TASK:
Look below and pull out each line with the word "shows".

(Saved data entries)
■ ■ ■ ■ ■ ■ ■

lemma bernoulli_mgf_le_exp:
  fixes h l :: real
  assumes "0 \<le> h" "h \<le> 1" "0 \<le> l"
  shows "1 - (1 - exp (- l)) * h \<le> exp (l\<^sup>2 / 8 - l * h)"
proof -
  have pos: "0 < 1 + (1 - h) * (exp l - 1)"
    using assms by (intro add_pos_nonneg) auto
  have "ln (1 + (1 - h) * (exp l - 1)) \<le> l\<^sup>2 / 8 + l * (1 - h)"
    using Hoeffdings_lemma_aux[of l "1 - h"] assms by simp
  then have "1 + (1 - h) * (exp l - 1) \<le> exp (l\<^sup>2 / 8 + l * (1 - h))"
    using pos by (subst ln_le_cancel_iff[symmetric]) auto
  then have "exp (- l) * (1 + (1 - h) * (exp l - 1)) \<le> exp (- l) * exp (l\<^sup>2 / 8 + l * (1 - h))"
    by (intro mult_left_mono) auto
  moreover have "exp (- l) * (1 + (1 - h) * (exp l - 1)) = 1 - (1 - exp (- l)) * h"
    by (simp add: algebra_simps exp_minus field_simps)
  moreover have "exp (- l) * exp (l\<^sup>2 / 8 + l * (1 - h)) = exp (l\<^sup>2 / 8 - l * h)"
    by (simp add: exp_add[symmetric] algebra_simps)
  ultimately show ?thesis by simp
qed

lemma one_minus_mult_nonneg:
  fixes a h :: real
  assumes "0 \<le> a" "a \<le> 1" "0 \<le> h" "h \<le> 1"
  shows "0 \<le> 1 - a * h"
  using mult_mono[OF assms(2,4)] assms by simp

text \<open>The exponent \<open>l = 4 (\<epsilon> + \<delta>)\<close> is the minimiser of the Chernoff bound below.\<close>

lemma chernoff_bound_le:
  fixes h \<epsilon> \<delta> N :: real and n :: nat
  assumes "0 \<le> h" "h \<le> 1" "0 < \<epsilon>" "0 \<le> \<delta>" "0 \<le> N" "N \<le> exp (2 * real n * \<delta>\<^sup>2)"
  defines "l \<equiv> 4 * (\<epsilon> + \<delta>)"
  shows "exp (l * (real n * (h - \<epsilon> - \<delta>))) * N * (1 - (1 - exp (- l)) * h) ^ n
           \<le> exp (- 2 * \<epsilon>\<^sup>2 * real n)"
proof -
  have l: "0 \<le> l" using assms by (simp add: l_def)
  have b: "0 \<le> 1 - (1 - exp (- l)) * h"
    using assms l by (intro one_minus_mult_nonneg) auto
  have "(1 - (1 - exp (- l)) * h) ^ n \<le> exp (l\<^sup>2 / 8 - l * h) ^ n"
    using assms l b by (intro power_mono bernoulli_mgf_le_exp) auto
  also have "\<dots> = exp (real n * (l\<^sup>2 / 8 - l * h))" by (simp add: exp_of_nat_mult)
  finally have "exp (l * (real n * (h - \<epsilon> - \<delta>))) * N * (1 - (1 - exp (- l)) * h) ^ n
      \<le> exp (l * (real n * (h - \<epsilon> - \<delta>))) * exp (2 * real n * \<delta>\<^sup>2) * exp (real n * (l\<^sup>2 / 8 - l * h))"
    using assms b by (intro mult_mono) auto
  also have "\<dots> = exp (- 2 * \<epsilon>\<^sup>2 * real n - real n * (4 * \<epsilon> * \<delta>))"
    by (simp add: exp_add[symmetric] l_def power2_eq_square algebra_simps)
  also have "\<dots> \<le> exp (- 2 * \<epsilon>\<^sup>2 * real n)"
    using assms by simp
  finally show ?thesis .
qed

■ ■ ■ ■ ■ ■ ■

COMPLETED EXERCISE:
  shows "1 - (1 - exp (- l)) * h \<le> exp (l\<^sup>2 / 8 - l * h)"
  shows "0 \<le> 1 - a * h"
  shows "exp (l * (real n * (h - \<epsilon> - \<delta>))) * N * (1 - (1 - exp (- l)) * h) ^ n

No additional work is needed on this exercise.